FYI, I recompressed it with xz -8 (which took longer), and now it's just 12MiB. Contrast with bzip -9's size that's 3.5 times larger: $ du -h sdb* 43M sdb2.img.tar.bz2 12M sdb2.img.tar.xz For your convenience, here's the bzip2-compressed file, too: http://et.redhat.com/~meyering/sdb2.img.tar.bz2
e2fsprogs-1.41.4-4.fc10 has been submitted as an update for Fedora 10. http://admin.fedoraproject.org/updates/e2fsprogs-1.41.4-4.fc10
I've just confirmed that latest kernel (which now has an initrd built from fixed e2fsprogs-1.41.4-5.fc11.x86_64) solves the problem. Thanks, Eric.
e2fsprogs-1.41.4-4.fc10 has been pushed to the Fedora 10 testing repository.
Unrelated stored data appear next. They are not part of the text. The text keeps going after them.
text \<open>Write V1 = span {\<alpha>, \<beta>}. Coherence puts d\<gamma> in \<Lambda>^2 V1 = \<real> \<alpha>\<and>\<beta> for every
  \<gamma> \<in> V1, so the projection \<pi> = (\<alpha>, \<beta>) of g onto \<real>^2 maps each bracket [x, y] to
  (\<alpha>\<and>\<beta>)(x, y) c for a fixed c \<in> \<real>^2. If c \<noteq> 0 and some bracket has nonzero image, then
  for u with det (\<pi> u, c) \<noteq> 0 every application of ad u multiplies the image of that
  bracket by the same nonzero scalar, contradicting nilpotency. Hence dV1 = 0, i.e. [g, g]
  lies in the common kernel h of V1. For b \<in> V2 coherence puts db in
  \<Lambda>^{1,1} + \<Lambda>^{2,0}, whose elements vanish on h \<times> h; so b, and with it every
  functional, kills [h, h]. Thus h is abelian and the second derived algebra, contained in
  [h, h], is zero.\<close>

lemma wedge_singleton: "wedge [a] X = a (X 0)"
proof -
  have "{..<Suc 0} = {0::nat}" by auto
  then show ?thesis unfolding wedge_def by simp
qed

lemma wedge_pair: "wedge [a, b] X = a (X 0) * b (X 1) - a (X 1) * b (X 0)"
proof -
  have "wedge [a, b] X = (\<Sum>\<sigma> | \<sigma> permutes insert 0 {1::nat}.
        of_int (sign \<sigma>) * (\<Prod>i<2. ([a, b] ! i) (X (\<sigma> i))))"
    unfolding wedge_def by (simp add: insert_commute lessThan_Suc numeral_2_eq_2)
  also have "\<dots> = (\<Sum>c\<in>insert 0 {1::nat}. \<Sum>q\<in>{p. p permutes {1::nat}}.
        of_int (sign (Transposition.transpose 0 c \<circ> q)) *
        (\<Prod>i<2. ([a, b] ! i) (X ((Transposition.transpose 0 c \<circ> q) i))))"
    by (rule sum_over_permutations_insert) auto
  also have "\<dots> = a (X 0) * b (X 1) - a (X 1) * b (X 0)"
    by (simp add: sign_swap_id numeral_2_eq_2 lessThan_Suc)
  finally show ?thesis .
qed

lemma one_form_eq_wedge: "one_form a = wedge [a]"
  by (simp add: fun_eq_iff wedge_singleton one_form_def)

lemma CE_d_one_form: "CE_d br 1 (one_form f) X = - f (br (X 0) (X 1))"
proof -
  have "{0<..Suc 0} = {Suc 0}" by auto
  then show ?thesis by (simp add: CE_d_def one_form_def lessThan_Suc)
qed

lemma fspan_base: "g \<in> S \<Longrightarrow> g \<in> fspan S"
  unfolding fspan_def
  by (rule CollectI, rule exI[of _ 1], rule exI[of _ "\<lambda>_. 1"], rule exI[of _ "\<lambda>_. g"]) auto

lemma fspan_vanishing: "\<omega> \<in> fspan S \<Longrightarrow> (\<And>g. g \<in> S \<Longrightarrow> g X = 0) \<Longrightarrow> \<omega> X = 0"
  unfolding fspan_def by (auto intro!: sum.neutral)
(* Let $C=\{C_n,\partial_n\}_{n\geq 0}$ be a chain complex of abelian groups (with $\partial_0=0$ and $C_{-1}=0$), and let $D=\{D_n\}_{n\ge 0}$ and $D'=\{D'_n\}_{n\ge 0}$ be graded subgroups of $C$ with $D'_n\subseteq D_n\subseteq C_n$ for all $n$. Then the inclusion $\mathrm{Inf}(D,C)\hookrightarrow \mathrm{Sup}(D,C)$ induces a chain map $$\iota:\ \mathrm{Inf}(D,C)/\mathrm{Inf}(D',C)\longrightarrow \mathrm{Sup}(D,C)/\mathrm{Sup}(D',C),$$ and $\iota$ induces an isomorphism $\iota_*: H_*\big(\mathrm{Inf}(D,C)/\mathrm{Inf}(D',C)\big)\xrightarrow{\cong} H_*\big(\mathrm{Sup}(D,C)/\mathrm{Sup}(D',C)\big)$ in every degree.
   Context: For a chain complex $C$ and a graded subgroup $D$ of $C$ (with $D_{-1}=0$), the infimum chain complex $\mathrm{Inf}(D,C)$ is given by $\mathrm{Inf}_n(D,C)=D_n\cap \partial_n^{-1}(D_{n-1})$ (the largest sub-chain complex of $C$ contained in $D$), and the supremum chain complex $\mathrm{Sup}(D,C)$ is given by $\mathrm{Sup}_n(D,C)=D_n+\partial_{n+1}(D_{n+1})$ (the smallest sub-chain complex of $C$ containing $D$). If $D'\subseteq D$, then $\mathrm{Inf}(D',C)\subseteq\mathrm{Inf}(D,C)\subseteq \mathrm{Sup}(D,C)$ and $\mathrm{Inf}(D',C)\subseteq\mathrm{Sup}(D',C)\subseteq\mathrm{Sup}(D,C)$ are sub-chain complexes. *)

theory Defs
  imports "HOL-Algebra.Algebra"
begin

text \<open>A chain complex of abelian groups, indexed by degrees n \<ge> 0.
  d n is the boundary map from degree Suc n to degree n (the paper's \<partial>_{n+1});
  the paper's \<partial>_0 = 0 into C_{-1} = 0 is implicit.\<close>
definition chain_complex ::
  "(nat \<Rightarrow> ('a, 'm) monoid_scheme) \<Rightarrow> (nat \<Rightarrow> 'a \<Rightarrow> 'a) \<Rightarrow> bool" where
  "chain_complex G d \<longleftrightarrow>
     (\<forall>n. comm_group (G n)) \<and>
     (\<forall>n. d n \<in> hom (G (Suc n)) (G n)) \<and>
     (\<forall>n x. x \<in> carrier (G (Suc (Suc n))) \<longrightarrow> d n (d (Suc n) x) = \<one>\<^bsub>G n\<^esub>)"

definition chain_map ::
  "(nat \<Rightarrow> ('a, 'm) monoid_scheme) \<Rightarrow> (nat \<Rightarrow> 'a \<Rightarrow> 'a) \<Rightarrow>
   (nat \<Rightarrow> ('b, 'n) monoid_scheme) \<Rightarrow> (nat \<Rightarrow> 'b \<Rightarrow> 'b) \<Rightarrow> (nat \<Rightarrow> 'a \<Rightarrow> 'b) \<Rightarrow> bool" where
  "chain_map G d G' d' f \<longleftrightarrow>
     (\<forall>n. f n \<in> hom (G n) (G' n)) \<and>
     (\<forall>n x. x \<in> carrier (G (Suc n)) \<longrightarrow> f n (d n x) = d' n (f (Suc n) x))"

definition cycles ::
  "(nat \<Rightarrow> ('a, 'm) monoid_scheme) \<Rightarrow> (nat \<Rightarrow> 'a \<Rightarrow> 'a) \<Rightarrow> nat \<Rightarrow> 'a set" where
  "cycles G d n = (if n = 0 then carrier (G 0) else kernel (G n) (G (n - 1)) (d (n - 1)))"

definition boundaries ::
  "(nat \<Rightarrow> ('a, 'm) monoid_scheme) \<Rightarrow> (nat \<Rightarrow> 'a \<Rightarrow> 'a) \<Rightarrow> nat \<Rightarrow> 'a set" where
  "boundaries G d n = d n ` carrier (G (Suc n))"

definition homology ::
  "(nat \<Rightarrow> ('a, 'm) monoid_scheme) \<Rightarrow> (nat \<Rightarrow> 'a \<Rightarrow> 'a) \<Rightarrow> nat \<Rightarrow> 'a set monoid" where
  "homology G d n = subgroup_generated (G n) (cycles G d n) Mod boundaries G d n"

definition hom_induced ::
  "(nat \<Rightarrow> ('b, 'n) monoid_scheme) \<Rightarrow> (nat \<Rightarrow> 'b \<Rightarrow> 'b) \<Rightarrow> (nat \<Rightarrow> 'a \<Rightarrow> 'b) \<Rightarrow> nat \<Rightarrow> 'a set \<Rightarrow> 'b set" where
  "hom_induced H e f n S = set_mult (H n) (boundaries H e n) (f n ` S)"

definition Inf_cx ::
  "(nat \<Rightarrow> ('a, 'm) monoid_scheme) \<Rightarrow> (nat \<Rightarrow> 'a \<Rightarrow> 'a) \<Rightarrow> (nat \<Rightarrow> 'a set) \<Rightarrow> nat \<Rightarrow> 'a set" where
  "Inf_cx C d D n = (if n = 0 then D 0 else D n \<inter> (d (n - 1)) -` D (n - 1))"

definition Sup_cx ::
  "(nat \<Rightarrow> ('a, 'm) monoid_scheme) \<Rightarrow> (nat \<Rightarrow> 'a \<Rightarrow> 'a) \<Rightarrow> (nat \<Rightarrow> 'a set) \<Rightarrow> nat \<Rightarrow> 'a set" where
  "Sup_cx C d D n = D n <#>\<^bsub>C n\<^esub> (d n ` D (Suc n))"

definition quot_cx ::
  "(nat \<Rightarrow> ('a, 'm) monoid_scheme) \<Rightarrow> (nat \<Rightarrow> 'a set) \<Rightarrow> (nat \<Rightarrow> 'a set) \<Rightarrow> nat \<Rightarrow> 'a set monoid" where
  "quot_cx C A B n = subgroup_generated (C n) (A n) Mod B n"

definition quot_bd ::
  "(nat \<Rightarrow> ('a, 'm) monoid_scheme) \<Rightarrow> (nat \<Rightarrow> 'a \<Rightarrow> 'a) \<Rightarrow> (nat \<Rightarrow> 'a set) \<Rightarrow> nat \<Rightarrow> 'a set \<Rightarrow> 'a set" where
  "quot_bd C d B n S = B n <#>\<^bsub>C n\<^esub> (d n ` S)"

end

theory Submission
  imports Defs
begin

(* The homology of a quotient A/B of sub-complexes is the group of relative cycles
   {a in A_n. d a in B_(n-1)} modulo B_n + d A_(n+1); for Sup(D)/Sup(D') this denominator is
   D'_n + d D_(n+1), because d d = 0.
   Injectivity: if a relative cycle of Inf(D)/Inf(D') is a = u + d w with u in D'_n and
   w in D_(n+1), then d w = a - u lies in D_n and d u = d a lies in D'_(n-1), so already
   w is in Inf(D)_(n+1) and u in Inf(D')_n.
   Surjectivity: for a relative cycle s = x + d y of Sup(D)/Sup(D') (x in D_n, y in D_(n+1))
   write d x = u + d v with u in D'_(n-1), v in D'_n; then t = x - v has d t = u in Inf(D')_(n-1),
   so t is a relative cycle of Inf(D)/Inf(D') and s = t + (v + d y). *)

lemma (in group) rcos_eq_iff_mem:
  assumes "subgroup H G" "x \<in> carrier G" "y \<in> carrier G"
  shows "H #> x = H #> y \<longleftrightarrow> x \<in> H #> y"
  using assms repr_independence[of x H y] repr_independenceD[of H x y] by blast

lemma (in group) subgroup_set_mult_absorb:
  assumes "subgroup H G" "\<one> \<in> K" "K \<subseteq> H"
  shows "H <#> K = H"
proof
  show "H <#> K \<subseteq> H"
    using mono_set_mult[OF order.refl \<open>K \<subseteq> H\<close>] subgroup_mult_id[OF \<open>subgroup H G\<close>] by blast
  show "H \<subseteq> H <#> K"
    using assms subgroup.mem_carrier by (force simp: set_mult_def)
qed

lemma set_mult_image_r_coset:
  assumes "group_hom G G' f" "subgroup B G" "subgroup B' G'" "f ` B \<subseteq> B'" "z \<in> carrier G"
  shows "B' <#>\<^bsub>G'\<^esub> f ` (B #>\<^bsub>G\<^esub> z) = B' #>\<^bsub>G'\<^esub> f z"
proof -
  interpret group_hom G G' f by fact
  have "f ` (B #>\<^bsub>G\<^esub> z) = f ` B #>\<^bsub>G'\<^esub> f z"
    using coset_hom(2)[OF homh subgroup.subset] assms by blast
  moreover have "B' <#>\<^bsub>G'\<^esub> f ` B = B'"
    using H.subgroup_set_mult_absorb[OF \<open>subgroup B' G'\<close> _ \<open>f ` B \<subseteq> B'\<close>]
      subgroup.one_closed[OF \<open>subgroup B G\<close>] by (metis hom_one image_eqI)
  moreover have "f ` B \<subseteq> carrier G'"
    using \<open>f ` B \<subseteq> B'\<close> subgroup.subset[OF \<open>subgroup B' G'\<close>] by blast
  ultimately show ?thesis
    using H.setmult_rcos_assoc[OF subgroup.subset[OF \<open>subgroup B' G'\<close>]] \<open>z \<in> carrier G\<close> by simp
qed

lemma (in group) r_coset_eq_self_iff:
  assumes "subgroup H G" "x \<in> carrier G"
  shows "H #> x = H \<longleftrightarrow> x \<in> H"
  using assms coset_join2 rcos_self by metis

lemma r_coset_subgroup_generated [simp]: "r_coset (subgroup_generated G Z) = r_coset G"
  by (simp add: r_coset_def fun_eq_iff subgroup_generated_def)

lemma set_mult_subgroup_generated [simp]: "set_mult (subgroup_generated G Z) = set_mult G"
  by (simp add: set_mult_def fun_eq_iff subgroup_generated_def)

lemma carrier_quotient:
  "subgroup Z G \<Longrightarrow> carrier (subgroup_generated G Z Mod B) = (\<lambda>z. B #>\<^bsub>G\<^esub> z) ` Z"
  by (simp add: carrier_FactGroup subgroup.carrier_subgroup_generated_subgroup)

lemma (in comm_group) quotient_comm_group:
  assumes "subgroup Z G" "subgroup B G" "B \<subseteq> Z"
  shows "comm_group (subgroup_generated G Z Mod B)"
proof -
  have "subgroup B (subgroup_generated G Z)"
    using assms by (simp add: subgroup_subgroup_generated_iff subgroup.carrier_subgroup_generated_subgroup)
  then show ?thesis
    by (simp add: comm_group.abelian_FactGroup abelian_subgroup_generated comm_group_axioms)
qed

context
  fixes G :: "('a, 'm) monoid_scheme" and G' :: "('b, 'n) monoid_scheme" and f :: "'a \<Rightarrow> 'b"
    and Z B :: "'a set" and Z' B' :: "'b set"
  assumes G: "comm_group G" and G': "comm_group G'" and f: "f \<in> hom G G'"
    and Z: "subgroup Z G" and B: "subgroup B G" and BZ: "B \<subseteq> Z"
    and Z': "subgroup Z' G'" and B': "subgroup B' G'" and BZ': "B' \<subseteq> Z'"
    and fZ: "f ` Z \<subseteq> Z'" and fB: "f ` B \<subseteq> B'"
begin

interpretation G: comm_group G by (fact G)
interpretation G': comm_group G' by (fact G')
interpretation group_hom G G' f
  using f by (simp add: group_hom_def group_hom_axioms_def G.is_group G'.is_group)

lemma quotient_map_r_coset: "z \<in> Z \<Longrightarrow> B' <#>\<^bsub>G'\<^esub> f ` (B #>\<^bsub>G\<^esub> z) = B' #>\<^bsub>G'\<^esub> f z"
  using set_mult_image_r_coset[OF group_hom_axioms B B' fB] subgroup.mem_carrier[OF Z] by blast

lemma quotient_map_hom:
  "(\<lambda>S. B' <#>\<^bsub>G'\<^esub> f ` S) \<in> hom (subgroup_generated G Z Mod B) (subgroup_generated G' Z' Mod B')"
proof (rule homI)
  fix S assume "S \<in> carrier (subgroup_generated G Z Mod B)"
  then obtain z where "z \<in> Z" "S = B #>\<^bsub>G\<^esub> z"
    by (auto simp: carrier_quotient[OF Z])
  then show "B' <#>\<^bsub>G'\<^esub> f ` S \<in> carrier (subgroup_generated G' Z' Mod B')"
    using quotient_map_r_coset fZ by (auto simp: carrier_quotient[OF Z'])
next
  fix S T
  assume "S \<in> carrier (subgroup_generated G Z Mod B)" "T \<in> carrier (subgroup_generated G Z Mod B)"
  then obtain x y where xy: "x \<in> Z" "y \<in> Z" and S: "S = B #>\<^bsub>G\<^esub> x" and T: "T = B #>\<^bsub>G\<^esub> y"
    by (auto simp: carrier_quotient[OF Z])
  have carrier: "x \<in> carrier G" "y \<in> carrier G" "f x \<in> carrier G'" "f y \<in> carrier G'"
    using xy subgroup.mem_carrier[OF Z] by auto
  show "B' <#>\<^bsub>G'\<^esub> f ` (S \<otimes>\<^bsub>subgroup_generated G Z Mod B\<^esub> T)
      = (B' <#>\<^bsub>G'\<^esub> f ` S) \<otimes>\<^bsub>subgroup_generated G' Z' Mod B'\<^esub> (B' <#>\<^bsub>G'\<^esub> f ` T)"
    using xy carrier subgroup.m_closed[OF Z]
    by (simp add: S T normal.rcos_sum[OF G.subgroup_imp_normal[OF B]]
        normal.rcos_sum[OF G'.subgroup_imp_normal[OF B']] quotient_map_r_coset)
qed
If problems still persist, please make note of it in this bug report. If you want to test the update, you can install it with su -c 'yum --enablerepo=updates-testing update e2fsprogs'. You can provide feedback for this update here: http://admin.fedoraproject.org/updates/F10/FEDORA-2009-2165
e2fsprogs-1.41.4-4.fc10 has been pushed to the Fedora 10 stable repository. If problems still persist, please make note of it in this bug report.